• Exercise requirements
From the first line through the line containing "I. \<Sum>Y\<in>Pow I. \<Sum>Z\<in>Pow I. (\<Prod>i\<in>X.", transcribe the records exactly and include no other lines.

(Stored entries)
*** Block opens ***
section \<open>The sunflower tensor\<close>

lemma prod_two_minus_expand:
  fixes a b c :: "'a \<Rightarrow> 'b::comm_ring_1"
  assumes I: "finite I"
  shows "(\<Prod>i\<in>I. 2 - a i - b i - c i) =
    (\<Sum>X\<in>Pow I. \<Sum>Y\<in>Pow I. \<Sum>Z\<in>Pow I. (\<Prod>i\<in>X. - a i) * (\<Prod>i\<in>Y. - b i) * (\<Prod>i\<in>Z. - c i) *
       (if X \<inter> Y = {} \<and> X \<inter> Z = {} \<and> Y \<inter> Z = {} then 2 ^ card (I - X - Y - Z) else 0))"
proof -
  let ?d = "\<lambda>X Y Z. if X \<inter> Y = {} \<and> X \<inter> Z = {} \<and> Y \<inter> Z = {} then 2 ^ card (I - X - Y - Z) else 0"
  have e1: "(\<Prod>i\<in>J. - c i + 2) = (\<Sum>Z\<in>Pow J. (\<Prod>i\<in>Z. - c i) * 2 ^ card (J - Z))"
    if "finite J" for J
    using prod_add[OF that, of "\<lambda>i. - c i" "\<lambda>_. 2"] by simp
  have e2: "(\<Prod>i\<in>J. - b i + (- c i + 2)) = (\<Sum>Y\<in>Pow J. (\<Prod>i\<in>Y. - b i) *
      (\<Sum>Z\<in>Pow (J - Y). (\<Prod>i\<in>Z. - c i) * 2 ^ card (J - Y - Z)))" if "finite J" for J
    using prod_add[OF that, of "\<lambda>i. - b i" "\<lambda>i. - c i + 2"] that e1 by simp
  have "(\<Prod>i\<in>I. 2 - a i - b i - c i) = (\<Prod>i\<in>I. - a i + (- b i + (- c i + 2)))"
    by (simp add: algebra_simps)
  also have "\<dots> = (\<Sum>X\<in>Pow I. (\<Prod>i\<in>X. - a i) * (\<Sum>Y\<in>Pow (I - X). (\<Prod>i\<in>Y. - b i) *
      (\<Sum>Z\<in>Pow (I - X - Y). (\<Prod>i\<in>Z. - c i) * 2 ^ card (I - X - Y - Z))))"
    using prod_add[OF I, of "\<lambda>i. - a i" "\<lambda>i. - b i + (- c i + 2)"] e2 I by simp
  also have "\<dots> = (\<Sum>X\<in>Pow I. \<Sum>Y\<in>Pow I. \<Sum>Z\<in>Pow I.
      (\<Prod>i\<in>X. - a i) * (\<Prod>i\<in>Y. - b i) * (\<Prod>i\<in>Z. - c i) * ?d X Y Z)"
  proof (rule sum.cong[OF refl])
    fix X assume X: "X \<in> Pow I"
    have inner: "(\<Sum>Z\<in>Pow (I - X - Y). (\<Prod>i\<in>Z. - c i) * 2 ^ card (I - X - Y - Z)) =
        (\<Sum>Z\<in>Pow I. (\<Prod>i\<in>Z. - c i) * ?d X Y Z)" if "Y \<in> Pow (I - X)" for Y
      by (rule sum.mono_neutral_cong_left) (use I that in auto)
    have "(\<Sum>Y\<in>Pow (I - X). (\<Prod>i\<in>Y. - b i) *
        (\<Sum>Z\<in>Pow (I - X - Y). (\<Prod>i\<in>Z. - c i) * 2 ^ card (I - X - Y - Z))) =
        (\<Sum>Y\<in>Pow I. (\<Prod>i\<in>Y. - b i) * (\<Sum>Z\<in>Pow I. (\<Prod>i\<in>Z. - c i) * ?d X Y Z))"
    proof (rule sum.mono_neutral_cong_left)
      show "\<forall>Y\<in>Pow I - Pow (I - X). (\<Prod>i\<in>Y. - b i) * (\<Sum>Z\<in>Pow I. (\<Prod>i\<in>Z. - c i) * ?d X Y Z) = 0"
      proof
        fix Y assume "Y \<in> Pow I - Pow (I - X)"
        then have "X \<inter> Y \<noteq> {}" by auto
        then show "(\<Prod>i\<in>Y. - b i) * (\<Sum>Z\<in>Pow I. (\<Prod>i\<in>Z. - c i) * ?d X Y Z) = 0" by simp
      qed
    qed (use I inner in auto)
    then show "(\<Prod>i\<in>X. - a i) * (\<Sum>Y\<in>Pow (I - X). (\<Prod>i\<in>Y. - b i) *
        (\<Sum>Z\<in>Pow (I - X - Y). (\<Prod>i\<in>Z. - c i) * 2 ^ card (I - X - Y - Z))) =
        (\<Sum>Y\<in>Pow I. \<Sum>Z\<in>Pow I. (\<Prod>i\<in>X. - a i) * (\<Prod>i\<in>Y. - b i) * (\<Prod>i\<in>Z. - c i) * ?d X Y Z)"
      by (simp add: sum_distrib_left mult_ac)
  qed
  finally show ?thesis .
qed

definition sunflower_tensor :: "'a set \<Rightarrow> 'a set \<Rightarrow> 'a set \<Rightarrow> 'a set \<Rightarrow> real" where
  "sunflower_tensor I A B C = (\<Prod>i\<in>I. 2 - indicator A i - indicator B i - indicator C i)"

lemma card_pairwise_disjoint_le:
  assumes "X \<subseteq> I" "Y \<subseteq> I" "Z \<subseteq> I" "X \<inter> Y = {}" "X \<inter> Z = {}" "Y \<inter> Z = {}" "finite I"
  shows "card X + card Y + card Z \<le> card I"
proof -
  have "finite X" "finite Y" "finite Z" using assms finite_subset by blast+
  then have "card (X \<union> Y \<union> Z) = card X + card Y + card Z"
    using assms by (simp add: card_Un_disjoint Int_Un_distrib2)
  moreover have "card (X \<union> Y \<union> Z) \<le> card I" using assms by (intro card_mono) auto
  ultimately show ?thesis by simp
qed

text \<open>
  Every monomial \<open>(X, Y, Z)\<close> of the expansion is assigned to the first of \<open>X, Y, Z\<close> lying in
  the family \<open>L\<close> of small subsets; one always does, as the three are pairwise disjoint.
\<close>
lemma sunflower_tensor_slice_decomposition:
  assumes I: "finite I"
  defines "L \<equiv> {X\<in>Pow I. 3 * card X \<le> card I}"
  shows "slice_decomposition S (sunflower_tensor I) L L L"
proof -
  define P where "P = Pow I"
  define H where "H = P - L"
  define phi where "phi X A = (\<Prod>i\<in>X. - indicator A i :: real)" for X A :: "'a set"
  define psi where "psi X Y Z = (if X \<inter> Y = {} \<and> X \<inter> Z = {} \<and> Y \<inter> Z = {}
      then 2 ^ card (I - X - Y - Z) else 0 :: real)" for X Y Z :: "'a set"
  have fP: "finite P" using I by (simp add: P_def)
  have LP: "L \<subseteq> P" by (auto simp: L_def P_def)
  have split: "(\<Sum>X\<in>P. G X) = (\<Sum>X\<in>L. G X) + (\<Sum>X\<in>H. G X)" for G :: "'a set \<Rightarrow> real"
    using sum.subset_diff[OF LP fP] unfolding H_def by (simp add: add.commute)
  have psi_large: "psi X Y Z = 0" if "X \<in> H" "Y \<in> H" "Z \<in> H" for X Y Z
  proof (rule ccontr)
    assume "psi X Y Z \<noteq> 0"
    then have d: "X \<inter> Y = {}" "X \<inter> Z = {}" "Y \<inter> Z = {}" unfolding psi_def by (auto split: if_splits)
    have "card X + card Y + card Z \<le> card I"
      using card_pairwise_disjoint_le[OF _ _ _ d I] that by (auto simp: H_def P_def)
    moreover have "3 * card X > card I" "3 * card Y > card I" "3 * card Z > card I"
      using that by (auto simp: H_def P_def L_def)
    ultimately show False by linarith
  qed
  show ?thesis
    unfolding slice_decomposition_def
  proof (rule exI[of _ phi], rule exI[of _ "\<lambda>X B C. \<Sum>Y\<in>P. \<Sum>Z\<in>P. phi Y B * phi Z C * psi X Y Z"],
      rule exI[of _ phi], rule exI[of _ "\<lambda>Y A C. \<Sum>X\<in>H. \<Sum>Z\<in>P. phi X A * phi Z C * psi X Y Z"],
      rule exI[of _ phi], rule exI[of _ "\<lambda>Z A B. \<Sum>X\<in>H. \<Sum>Y\<in>H. phi X A * phi Y B * psi X Y Z"],
      intro ballI)
    fix A B C :: "'a set"
    let ?F = "\<lambda>X Y Z. phi X A * phi Y B * phi Z C * psi X Y Z"
    have "sunflower_tensor I A B C = (\<Sum>X\<in>P. \<Sum>Y\<in>P. \<Sum>Z\<in>P. ?F X Y Z)"
      unfolding sunflower_tensor_def prod_two_minus_expand[OF I] P_def phi_def psi_def
      by (simp add: mult_ac)
    also have "\<dots> = (\<Sum>X\<in>L. \<Sum>Y\<in>P. \<Sum>Z\<in>P. ?F X Y Z) + (\<Sum>X\<in>H. \<Sum>Y\<in>L. \<Sum>Z\<in>P. ?F X Y Z)
        + (\<Sum>X\<in>H. \<Sum>Y\<in>H. \<Sum>Z\<in>P. ?F X Y Z)"
    proof -
      have "(\<Sum>X\<in>H. \<Sum>Y\<in>P. \<Sum>Z\<in>P. ?F X Y Z)
          = (\<Sum>X\<in>H. (\<Sum>Y\<in>L. \<Sum>Z\<in>P. ?F X Y Z) + (\<Sum>Y\<in>H. \<Sum>Z\<in>P. ?F X Y Z))"
        by (rule sum.cong[OF refl], rule split)
      then show ?thesis
        using split[of "\<lambda>X. \<Sum>Y\<in>P. \<Sum>Z\<in>P. ?F X Y Z"] by (simp add: sum.distrib)
    qed
    also have "(\<Sum>X\<in>H. \<Sum>Y\<in>H. \<Sum>Z\<in>P. ?F X Y Z) = (\<Sum>X\<in>H. \<Sum>Y\<in>H. \<Sum>Z\<in>L. ?F X Y Z)"
    proof (rule sum.cong[OF refl], rule sum.cong[OF refl])
      fix X Y assume "X \<in> H" "Y \<in> H"
      then have "(\<Sum>Z\<in>H. ?F X Y Z) = 0" using psi_large by simp
      then show "(\<Sum>Z\<in>P. ?F X Y Z) = (\<Sum>Z\<in>L. ?F X Y Z)" by (simp add: split)
    qed
    also have "\<dots> = (\<Sum>X\<in>H. \<Sum>Z\<in>L. \<Sum>Y\<in>H. ?F X Y Z)"
      by (rule sum.cong[OF refl], rule sum.swap)
    also have "\<dots> = (\<Sum>Z\<in>L. \<Sum>X\<in>H. \<Sum>Y\<in>H. ?F X Y Z)"
      by (rule sum.swap)
    also have "(\<Sum>X\<in>H. \<Sum>Y\<in>L. \<Sum>Z\<in>P. ?F X Y Z) = (\<Sum>Y\<in>L. \<Sum>X\<in>H. \<Sum>Z\<in>P. ?F X Y Z)"
      by (rule sum.swap)
    finally show "sunflower_tensor I A B C =
        (\<Sum>X\<in>L. phi X A * (\<Sum>Y\<in>P. \<Sum>Z\<in>P. phi Y B * phi Z C * psi X Y Z)) +
        (\<Sum>Y\<in>L. phi Y B * (\<Sum>X\<in>H. \<Sum>Z\<in>P. phi X A * phi Z C * psi X Y Z)) +
        (\<Sum>Z\<in>L. phi Z C * (\<Sum>X\<in>H. \<Sum>Y\<in>H. phi X A * phi Y B * psi X Y Z))"
      by (simp add: sum_distrib_left mult_ac)
  qed
qed

lemma sunflower_tensor_nonzero_iff:
  assumes "finite I"
  shows "sunflower_tensor I A B C \<noteq> 0 \<longleftrightarrow>
    (\<forall>i\<in>I. indicator A i + indicator B i + indicator C i \<noteq> (2::real))"
  unfolding sunflower_tensor_def using assms by (auto simp: prod_zero_iff algebra_simps)

lemma sunflower_tensor_nonzero_imp_sunflower:
  assumes "finite I" "A \<subseteq> I" "B \<subseteq> I" "C \<subseteq> I" "sunflower_tensor I A B C \<noteq> 0"
  shows "is_sunflower A B C"
proof -
  have "(x \<in> A \<and> x \<in> B \<longrightarrow> x \<in> C) \<and> (x \<in> A \<and> x \<in> C \<longrightarrow> x \<in> B) \<and> (x \<in> B \<and> x \<in> C \<longrightarrow> x \<in> A)"
    for x
  proof (cases "x \<in> I")
    case True
    then have "indicator A x + indicator B x + indicator C x \<noteq> (2::real)"
      using assms(1,5) sunflower_tensor_nonzero_iff by blast
    then show ?thesis by (auto simp: indicator_def)
  qed (use assms in auto)
  then show ?thesis unfolding is_sunflower_def by blast
qed

text \<open>
  A sunflower with two equal members has all three nested, so equal cardinalities force a
  degenerate sunflower to be trivial.
\<close>
lemma sunflower_tensor_diagonal:
  assumes FI: "F \<subseteq> Pow I" and I: "finite I" and sf: "sunflower_free F"
    and cards: "\<forall>A\<in>F. card A = k"
  shows "diagonal_on F (sunflower_tensor I)"
  unfolding diagonal_on_def
proof (rule conjI; intro ballI impI)
  fix A B C assume ABC: "A \<in> F" "B \<in> F" "C \<in> F" and nz: "sunflower_tensor I A B C \<noteq> 0"
  have sub: "A \<subseteq> I" "B \<subseteq> I" "C \<subseteq> I" using ABC FI by auto
  have sfl: "is_sunflower A B C"
    using sunflower_tensor_nonzero_imp_sunflower[OF I sub nz] .
  have eq_if_sub: "X = Y" if "X \<subseteq> Y" "X \<in> F" "Y \<in> F" for X Y
  proof (rule card_subset_eq)
    show "finite Y" using that FI I by (meson PowD finite_subset subsetD)
  qed (use that cards in auto)
  have "A = C" if "A = B"
  proof -
    from sfl that have "A \<subseteq> C" unfolding is_sunflower_def by auto
    then show ?thesis using eq_if_sub ABC by blast
  qed
  moreover have "A = B" if "A = C"
  proof -
    from sfl that have "A \<subseteq> B" unfolding is_sunflower_def by auto
    then show ?thesis using eq_if_sub ABC by blast
  qed
  moreover have "B = A" if "B = C"
  proof -
    from sfl that have "B \<subseteq> A" unfolding is_sunflower_def by auto
    then show ?thesis using eq_if_sub ABC by blast
  qed
  moreover have "\<not> (A \<noteq> B \<and> A \<noteq> C \<and> B \<noteq> C)"
    using sf sfl ABC unfolding sunflower_free_def by blast
  ultimately show "A = B \<and> B = C" by argo
next
  fix A assume "A \<in> F"
  show "sunflower_tensor I A A A \<noteq> 0"
    unfolding sunflower_tensor_nonzero_iff[OF I] by (auto simp: indicator_def)
qed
*** Block closes ***
• Solved problem
section \<open>The sunflower tensor\<close>

lemma prod_two_minus_expand:
  fixes a b c :: "'a \<Rightarrow> 'b::comm_ring_1"
  assumes I: "finite I"
  shows "(\<Prod>i\<in>I. 2 - a i - b i - c i) =
    (\<Sum>X\<in>Pow I. \<Sum>Y\<in>Pow I. \<Sum>Z\<in>Pow I. (\<Prod>i\<in>X. - a i) * (\<Prod>i\<in>Y. - b i) * (\<Prod>i\<in>Z. - c i) *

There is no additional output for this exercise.